I happen to think that Jim Harrison is probably right. Manned space travel, great as it sounds, is probably, at least for the time being, impractical. Oh, I agree that interstellar colonization may (if possible) be necessary for the long-term survival of humanity, but we've got a lot more serious issues in the short run. If asteroid/lunar mining ever proves practical, I strongly suspect that it will be fully automated. I see no reason why another decade or two of advancements in computer technology shouldn't produce computers capable of running a mining operation on its own, subject to periodic policy instructions from Earth (e.g., focus more on iridium, we don't need much nickel right now, so cut back on that, etc.) Once set up, there would be very little expense. The mining products could be sent to Earth in the form of disposable ships (whose metal would then be recycled - such ships are not unprecedented, incidentally)
It's not just manned missions to some planet, we do real research in zero-G that needs a human and results in real practical applications.

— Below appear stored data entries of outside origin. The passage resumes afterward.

lemma image_map_nested_row_shuffles_left:
  "map (\<lambda>r. r @ replicate (length C) 0) ` {X \<in> row_shuffles A B. N \<in> row_shuffles X C} =
   {us \<in> shuffles (pad_right A (length B + length C))
                   (map (\<lambda>r. replicate (length A) 0 @ r @ replicate (length C) 0) B).
      N \<in> shuffles us (pad_left (length A + length B) C)}"
proof -
  let ?f = "\<lambda>r. r @ replicate (length C) 0"
  have "map ?f (pad_right A (length B)) = pad_right A (length B + length C)"
    "map ?f (pad_left (length A) B) = map (\<lambda>r. replicate (length A) 0 @ r @ replicate (length C) 0) B"
    by (simp_all add: pad_right_def pad_left_def replicate_add)
  then have image: "map ?f ` row_shuffles A B = shuffles (pad_right A (length B + length C))
      (map (\<lambda>r. replicate (length A) 0 @ r @ replicate (length C) 0) B)"
    by (simp add: row_shuffles_def map_shuffles)
  have "N \<in> row_shuffles X C \<longleftrightarrow> N \<in> shuffles (map ?f X) (pad_left (length A + length B) C)"
    if "X \<in> row_shuffles A B" for X
    using length_row_shuffles[OF that] by (simp add: row_shuffles_def pad_right_def)
  then show ?thesis unfolding image[symmetric] by (rule image_Collect_conj_eq)
qed

lemma image_map_nested_row_shuffles_right:
  "map (\<lambda>r. replicate (length A) 0 @ r) ` {Y \<in> row_shuffles B C. N \<in> row_shuffles A Y} =
   {vs \<in> shuffles (map (\<lambda>r. replicate (length A) 0 @ r @ replicate (length C) 0) B)
                   (pad_left (length A + length B) C).
      N \<in> shuffles (pad_right A (length B + length C)) vs}"
proof -
  let ?g = "\<lambda>r. replicate (length A) 0 @ r"
  have "map ?g (pad_right B (length C)) = map (\<lambda>r. replicate (length A) 0 @ r @ replicate (length C) 0) B"
    "map ?g (pad_left (length B) C) = pad_left (length A + length B) C"
    by (simp_all add: pad_right_def pad_left_def replicate_add)
  then have image: "map ?g ` row_shuffles B C = shuffles
      (map (\<lambda>r. replicate (length A) 0 @ r @ replicate (length C) 0) B) (pad_left (length A + length B) C)"
    by (simp add: row_shuffles_def map_shuffles)
  have "N \<in> row_shuffles A Y \<longleftrightarrow> N \<in> shuffles (pad_right A (length B + length C)) (map ?g Y)"
    if "Y \<in> row_shuffles B C" for Y
    using length_row_shuffles[OF that] by (simp add: row_shuffles_def pad_left_def)
  then show ?thesis unfolding image[symmetric] by (rule image_Collect_conj_eq)
qed

lemma card_nested_row_shuffles_assoc:
  assumes A: "packed k A" and B: "packed k B"
  shows "card {X \<in> row_shuffles A B. N \<in> row_shuffles X C} = card {Y \<in> row_shuffles B C. N \<in> row_shuffles A Y}"
proof -
  let ?a = "length A" and ?b = "length B"
  let ?P1 = "\<lambda>r. nonzero_row (take ?a r)" and ?P2 = "\<lambda>r. nonzero_row (take (?a + ?b) r)"
  have card_map: "card (map f ` S) = card S" if "inj f" for f :: "nat list \<Rightarrow> nat list" and S
    using card_image[OF inj_on_subset[OF inj_mapI[OF that] subset_UNIV]] .
  have "card {X \<in> row_shuffles A B. N \<in> row_shuffles X C}
      = card (map (\<lambda>r. r @ replicate (length C) 0) ` {X \<in> row_shuffles A B. N \<in> row_shuffles X C})"
    by (rule card_map[symmetric]) (simp add: inj_def)
  also have "\<dots> = card {vs \<in> shuffles (map (\<lambda>r. replicate ?a 0 @ r @ replicate (length C) 0) B)
                   (pad_left (?a + ?b) C). N \<in> shuffles (pad_right A (?b + length C)) vs}"
    unfolding image_map_nested_row_shuffles_left
  proof (rule card_nested_shuffles_assoc)
    show "\<forall>x\<in>set (pad_right A (?b + length C)). ?P1 x \<and> ?P2 x"
    proof
      fix x assume "x \<in> set (pad_right A (?b + length C))"
      then obtain r where r: "r \<in> set A" "x = r @ replicate (?b + length C) 0"
        by (auto simp: set_pad_right)
      then show "?P1 x \<and> ?P2 x" using packedD(1,3)[OF A r(1)] by simp
    qed
    show "\<forall>y\<in>set (map (\<lambda>r. replicate ?a 0 @ r @ replicate (length C) 0) B). \<not> ?P1 y \<and> ?P2 y"
      using packedD(1,3)[OF B] by auto
    show "\<forall>z\<in>set (pad_left (?a + ?b) C). \<not> ?P1 z \<and> \<not> ?P2 z"
      by (auto simp: set_pad_left)
  qed
  also have "\<dots> = card (map (\<lambda>r. replicate ?a 0 @ r) ` {Y \<in> row_shuffles B C. N \<in> row_shuffles A Y})"
    unfolding image_map_nested_row_shuffles_right ..
  also have "\<dots> = card {Y \<in> row_shuffles B C. N \<in> row_shuffles A Y}"
    by (rule card_map) (simp add: inj_def)
  finally show ?thesis .
qed

definition supp :: "(mat \<Rightarrow> 'a::zero) \<Rightarrow> mat set" where
  "supp x = {M. x M \<noteq> 0}"

definition shuffle_elt :: "mat \<Rightarrow> mat \<Rightarrow> mat \<Rightarrow> 'a::field" where
  "shuffle_elt A B N = of_bool (N \<in> row_shuffles A B)"

lemma supp_iff: "M \<in> supp x \<longleftrightarrow> x M \<noteq> 0"
  by (simp add: supp_def)

lemma supp_basis_elt [simp]: "supp (basis_elt A :: mat \<Rightarrow> 'a::field) = {A}"
  by (auto simp: supp_def basis_elt_def)

lemma sum_supp_superset:
  fixes a :: "mat \<Rightarrow> 'a::field"
  shows "finite S \<Longrightarrow> supp a \<subseteq> S \<Longrightarrow> (\<Sum>A\<in>supp a. a A * f A) = (\<Sum>A\<in>S. a A * f A)"
  by (rule sum.mono_neutral_left) (auto simp: supp_def)

lemma sum_nonzeroE: "sum g S \<noteq> 0 \<Longrightarrow> (\<And>x. x \<in> S \<Longrightarrow> g x \<noteq> 0 \<Longrightarrow> P) \<Longrightarrow> P"
  by (meson sum.neutral)

lemma dprod_eq_sum:
  "dprod a b N = (\<Sum>A\<in>supp a. \<Sum>B\<in>supp b. a A * b B * shuffle_elt A B N)"
proof -
  have "{p. a (fst p) \<noteq> 0 \<and> b (snd p) \<noteq> 0} = supp a \<times> supp b"
    by (auto simp: supp_def)
  then show ?thesis
    unfolding dprod_def by (simp add: sum.cartesian_product shuffle_elt_def of_bool_def case_prod_beta)
qed

lemma dprod_basis_elt_left: "dprod (basis_elt A) y N = (\<Sum>B\<in>supp y. y B * shuffle_elt A B N)"
  unfolding dprod_eq_sum supp_basis_elt by (simp add: basis_elt_def)

lemma dprod_basis_elt_right: "dprod x (basis_elt B) N = (\<Sum>A\<in>supp x. x A * shuffle_elt A B N)"
  unfolding dprod_eq_sum supp_basis_elt by (simp add: basis_elt_def)

lemma supp_dprod: "supp (dprod a b) \<subseteq> (\<Union>A\<in>supp a. \<Union>B\<in>supp b. row_shuffles A B)"
proof
  fix N assume "N \<in> supp (dprod a b)"
  then have "dprod a b N \<noteq> 0" by (simp add: supp_iff)
  then obtain A where A: "A \<in> supp a" "(\<Sum>B\<in>supp b. a A * b B * shuffle_elt A B N) \<noteq> 0"
    unfolding dprod_eq_sum by (rule sum_nonzeroE)
  then obtain B where "B \<in> supp b" "a A * b B * shuffle_elt A B N \<noteq> 0"
    by (elim sum_nonzeroE)
  then show "N \<in> (\<Union>A\<in>supp a. \<Union>B\<in>supp b. row_shuffles A B)"
    using A(1) by (auto simp: shuffle_elt_def split: if_splits)
qed

lemma finite_supp_dprod: "finite (supp a) \<Longrightarrow> finite (supp b) \<Longrightarrow> finite (supp (dprod a b))"
  by (rule finite_subset[OF supp_dprod]) auto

We do bio research on protein crystals on the ISS (crystals that have to be grown in zero gravity) and that result in new pharmaceutical developments. We do biological research on humans in zero gravity that result in knowledge of the human system and have applications in medicine. We've developed new light weight materials. We've examined plant growth and a million other small but relevant experiments. All of these missions have two things in common. One, they needed a human presence in zero gravity to achieve and two, there was no one outside of NASA trying to achieve them.
There's also an element of lost US leadership in a technical field to consider. As an American, I appreciate having a technical advantage, which brings the best and brightest here, investments in US firms, and promotes the advancement of US technical institutes and universities.
I'm certainly not saying all missions should be manned, there are real unmanned opportunities as well. But a part of our mission should be to keep some human presence in space. The cost, comparatively, is not that much.